Let’s compare the above figures with the attributed complexity hotspots from the LinkedIn post:

Highlighted Complexity Hotspots

Here are a few examples:

For RPT193, the cyclobutane and azetidine rings are obvious complexity hotspots. The calculation above highlights an additional region between the pyrimidine and appended chain with the dichlorophenyl ring.
For GDC-0853: Only the gem-dimethyl motif and the oxatane ring are highlighted in the post above. However, the calculation shows a more extened region spaning from the pyridone ring and covering the whole 6-5-5 ring system on one end of the molecule.
For GS-6207: Again very arbitrary points of the compound are highlighted.
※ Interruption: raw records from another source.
(* P_n(n_1..n_k; m_1..m_k) = < x, y | x^n y^-2, prod_{i=1}^{k+1} x^{n_i} y x^{m_i} y^-1 > *)
definition Pres :: "int \<Rightarrow> int list \<Rightarrow> int list \<Rightarrow> presentation" where
  "Pres n ns ms =
     [gpow GX n @ gpow GY (-2),
      concat (map (\<lambda>(a, b). gpow GX a @ [(GY, False)] @ gpow GX b @ [(GY, True)])
                  (zip (ext ns) (ext ms)))]"

end

theory Submission
  imports Defs
begin

(* Work modulo the Q-moves that keep the first relator R = x^n y^-2 and change only the
   second one.  These allow free reduction, conjugation and multiplication by R, hence cyclic
   rotation of the second relator and substitution of x^n for y^2 anywhere inside it; so x^n,
   every x^(n t) and y^2 commute with all words there.
   (I) Changing exponents by multiples of n splits off central powers x^(n t); collected at
   the end they cancel, because both exponent lists extended by n_(k+1), m_(k+1) sum to 1.
   (II) is a cyclic rotation of the second relator.
   (III) Rotating by x^(n_1) y turns the second relator into the product of the blocks
   x^(m_i) y^-1 x^(n_(i+1)) y; since y^2 is central, conjugating by y^-1 agrees with
   conjugating by y. *)

section \<open>Free reduction\<close>

lemma inv_letter_inv [simp]: "inv_letter (inv_letter a) = a"
  by (simp add: inv_letter_def)

lemma inv_word_simps [simp]:
  "inv_word [] = []"
  "inv_word (a # w) = inv_word w @ [inv_letter a]"
  "inv_word (u @ v) = inv_word v @ inv_word u"
  "inv_word (inv_word w) = w"
  by (simp_all add: inv_word_def rev_map comp_def)

lemma inv_word_gpow [simp]: "inv_word (gpow g e) = gpow g (- e)"
  by (simp add: inv_word_def gpow_def inv_letter_def)

lemma free_eq_equivclp: "free_eq = equivclp cancel_step"
  by (simp add: free_eq_def equivclp_def symclp_pointfree)

lemma free_eq_refl [simp]: "free_eq w w"
  by (simp add: free_eq_equivclp)

lemma free_eq_sym: "free_eq a b \<Longrightarrow> free_eq b a"
  by (simp add: free_eq_equivclp equivclp_sym)

lemma free_eq_trans [trans]: "free_eq a b \<Longrightarrow> free_eq b c \<Longrightarrow> free_eq a c"
  unfolding free_eq_equivclp by (rule equivclp_trans)

lemma free_eq_context: "free_eq a b \<Longrightarrow> free_eq (u @ a @ v) (u @ b @ v)"
proof -
  have step: "cancel_step (u @ a @ v) (u @ b @ v)" if "cancel_step a b" for a b
    using that by cases (metis append.assoc cancel_step.intros)
  show "free_eq a b \<Longrightarrow> free_eq (u @ a @ v) (u @ b @ v)"
    unfolding free_eq_equivclp
    by (induction rule: equivclp_induct) (auto intro: equivclp_into_equivclp step)
qed
fun fwd_tail :: "nat \<Rightarrow> (nat \<Rightarrow> nat) \<Rightarrow> (nat \<Rightarrow> nat) \<Rightarrow> arc \<Rightarrow> nat" where
  "fwd_tail n l k (RowArc i) = nd n (int (l i) - 1)"
| "fwd_tail n l k (ShortArc j) = nd n (int j - 1)"

fun fwd_head :: "nat \<Rightarrow> (nat \<Rightarrow> nat) \<Rightarrow> (nat \<Rightarrow> nat) \<Rightarrow> arc \<Rightarrow> nat" where
  "fwd_head n l k (RowArc i) = nd n (int (l i) + int (k i) - 1)"
| "fwd_head n l k (ShortArc j) = nd n (int j)"

fun fwd_len :: "(nat \<Rightarrow> nat) \<Rightarrow> arc \<Rightarrow> int" where
  "fwd_len k (RowArc i) = int (k i)"
| "fwd_len k (ShortArc j) = 1"

fun fwd_jumps :: "nat \<Rightarrow> (nat \<Rightarrow> nat) \<Rightarrow> (nat \<Rightarrow> nat) \<Rightarrow> arc \<Rightarrow> nat \<Rightarrow> bool" where
  "fwd_jumps n l k (RowArc i) j = (j \<in> circ_interval n (l i) (nd n (int (l i) + int (k i))))"
| "fwd_jumps n l k (ShortArc j') j = (j = j')"

definition arc_tail :: "nat \<Rightarrow> (nat \<Rightarrow> nat) \<Rightarrow> (nat \<Rightarrow> nat) \<Rightarrow> darc \<Rightarrow> nat" where
  "arc_tail n l k e = (if snd e then fwd_tail n l k (fst e) else fwd_head n l k (fst e))"

definition arc_head :: "nat \<Rightarrow> (nat \<Rightarrow> nat) \<Rightarrow> (nat \<Rightarrow> nat) \<Rightarrow> darc \<Rightarrow> nat" where
  "arc_head n l k e = (if snd e then fwd_head n l k (fst e) else fwd_tail n l k (fst e))"

definition arc_len :: "(nat \<Rightarrow> nat) \<Rightarrow> darc \<Rightarrow> int" where
  "arc_len k e = (if snd e then fwd_len k (fst e) else - fwd_len k (fst e))"

definition D_arcs :: "nat \<Rightarrow> nat \<Rightarrow> darc set" where
  "D_arcs m n = {(RowArc i, d) | i d. i \<in> {1..m}} \<union> {(ShortArc j, d) | j d. j \<in> {1..n}}"

definition closed_path ::
  "nat \<Rightarrow> nat \<Rightarrow> (nat \<Rightarrow> nat) \<Rightarrow> (nat \<Rightarrow> nat) \<Rightarrow> darc list \<Rightarrow> bool" where
  "closed_path m n l k \<Gamma> \<longleftrightarrow> \<Gamma> \<noteq> [] \<and> set \<Gamma> \<subseteq> D_arcs m n \<and>
     (\<forall>i < length \<Gamma>. arc_head n l k (\<Gamma> ! i) = arc_tail n l k (\<Gamma> ! ((i + 1) mod length \<Gamma>)))"

definition total_length :: "(nat \<Rightarrow> nat) \<Rightarrow> darc list \<Rightarrow> int" where
  "total_length k \<Gamma> = sum_list (map (arc_len k) \<Gamma>)"

definition is_winding_number :: "nat \<Rightarrow> (nat \<Rightarrow> nat) \<Rightarrow> darc list \<Rightarrow> int \<Rightarrow> bool" where
  "is_winding_number n k \<Gamma> p \<longleftrightarrow> p * int n = total_length k \<Gamma>"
On the other hand the calculation shows us that there are non-obvious complexity hotspots around the gem-dimethyl groups next to the methane-sulfonate group, the cyclopropapyl and gem-difluoro area as well as the junction of the indole and the ortho-and meta- carbon atoms of the pyridine ring.

In conclusion, molecular complexity is a quantity that can be quantified in different ways and can give us a better graps of the synthetic challenge that a compound may pose. I would strongly recommend to avoid using the term without any calculations and their associated caveats to refrain from generalities. Especially since with Python, RDKit and some personal drive, one can get numbers that may be of actual use.